Но до солдатских траншей эта "политотдельская вонь" (назовем это так) еще не доходила. Хотя надо мной подсмеивались, и частенько. Да и как тут солдату не улыбнуться. Одна девчонка в разведвзводе. Вши заели солдат. Они стаскивают рубахи, штаны, а каково девчонке? Я должна была искать брошенную землянку и там, раздевшись догола, пыталась очиститься от гнид. Иногда мне помогали, кто-нибудь встанет в дверях и говорит: "Не суйся, Маруська там вшей давит!" Ну, и пошло по окопам: "У разведчиков спектакля, покупай билеты: Маруська вшей давит!"

А банный день! А сходить по нужде! Как-то уединилась, забралась под кустик, над бруствером траншеи, немцы то ли не сразу заметили, то ли дали мне спокойно посидеть, но когда стала натягивать штанишки, просвистело слева и справа. Я свалилась в траншею, штанишки у пяток. Ох, гоготали в окопах о том, как Маруськин зад немцев ослепил... Однажды после разведпоиска, когда мы удрали, едва живы, и разбрелись, я заблудилась в болотистом лесу и... меня взяли в плен разведчики -- соседи с Волховского фронта. Забили мне в рот кляп, притащили в свой штаб. Ну, тут уж просто был создан целый фольклор. Какой-то окопный весельчак даже показывал в лицах, как Маня в плен попала, но не сдалась...

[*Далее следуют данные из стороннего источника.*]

(* Let $\mathbf P=(P,\leq,{}',0,1)$ be an orthogonal lub-complete poset and $\rightarrow\in\{\rightarrow_C,\rightarrow_K,\rightarrow_N,\rightarrow_S,\rightarrow_D\}$. Then the following conditions are equivalent: (i) (MPO) $x\leq y$ and $x\rightarrow y\leq u\rightarrow v$ imply $u\leq v$, for all $x,y,u,v\in P$. (ii) (OP) $x\leq y$ if and only if $x\rightarrow y=1$, for all $x,y\in P$.
   Context: $(P,\leq,{}',0,1)$ is a bounded poset with an antitone involution ${}'$; orthogonal means $x\leq y'$ implies $x\vee y$ exists; lub-complete means for every lower bound $x$ of a finite subset $M$ there is a maximal lower bound of $M$ above $x$. For $A\subseteq P$, $L(A)$, $U(A)$ are the lower and upper cones, $\mathrm{Max}\,A$, $\mathrm{Min}\,A$ the sets of maximal and minimal elements; joins/meets with sets are elementwise. The implications (operators $P^2\to 2^P$) are: $x\rightarrow_C y:=\mathrm{Min}\,U(x',y)$; $x\rightarrow_K y:=\mathrm{Max}\,L(x',y)\vee \mathrm{Max}\,L(x',y')\vee (x\wedge \mathrm{Min}\,U(x',y))$; $x\rightarrow_N y:=y'\rightarrow_K x'$; $x\rightarrow_S y:=x'\vee \mathrm{Max}\,L(x,y)$; $x\rightarrow_D y:=y'\rightarrow_S x'=y\vee \mathrm{Max}\,L(x',y')$. For sets, $A\leq B$ means $a\leq b$ for all $a\in A,b\in B$; "$=1$" means equal to $\{1\}$. *)

theory Defs
  imports Main
begin

(* The poset P is the whole carrier type 'a (class order); ' is the function c. *)

definition LC :: "'a::order set \<Rightarrow> 'a set" where
  "LC A = {x. \<forall>a\<in>A. x \<le> a}"

definition UC :: "'a::order set \<Rightarrow> 'a set" where
  "UC A = {x. \<forall>a\<in>A. a \<le> x}"

definition MaxE :: "'a::order set \<Rightarrow> 'a set" where
  "MaxE A = {x\<in>A. \<forall>y\<in>A. x \<le> y \<longrightarrow> y = x}"

definition MinE :: "'a::order set \<Rightarrow> 'a set" where
  "MinE A = {x\<in>A. \<forall>y\<in>A. y \<le> x \<longrightarrow> y = x}"

definition is_join :: "'a::order \<Rightarrow> 'a \<Rightarrow> 'a \<Rightarrow> bool" where
  "is_join x y z \<longleftrightarrow> x \<le> z \<and> y \<le> z \<and> (\<forall>w. x \<le> w \<and> y \<le> w \<longrightarrow> z \<le> w)"

definition is_meet :: "'a::order \<Rightarrow> 'a \<Rightarrow> 'a \<Rightarrow> bool" where
  "is_meet x y z \<longleftrightarrow> z \<le> x \<and> z \<le> y \<and> (\<forall>w. w \<le> x \<and> w \<le> y \<longrightarrow> w \<le> z)"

Поначалу, признаться, меня раздражал этот солдатский гогот, пока не поняла, что смеются не надо мной, а над своей солдатской судьбой, в крови и вшах, смеются, чтобы выжить, не сойти с ума. А мне было достаточно, чтобы после кровавой стычки кто-либо спросил в тревоге: "Манька, ты жива?!"

1 декабря 1941 года мне вручили медаль "За отвагу" (No 24275). Срочно вызвали из окопов в Смольный, и там награду вручил мне Жданов.

Разведвзвод гулял до следующего задания. Трое суток. Шнапс из немецких блиндажей даже к губам поднесла, чтоб не обижать ребят. Шоколаду немецкого навалили гору...

Странно, но дожила до Победы, хотя была ранена и в третий раз, и точно отдала бы Богу душу, если бы не партизаны, которые выходили меня, затем вызвали самолет, доставивший меня на Большую землю. О том, что пережила, можно было бы написать книгу. Но кому нужна еще одна книга об окопной грязи и окопной верности. Есть Ремарк, есть Казакевич. Достаточно! За взятие Берлина вручили мне орден Красной Звезды. Я вышла замуж и... снова попала в армию: понадобились переводчики.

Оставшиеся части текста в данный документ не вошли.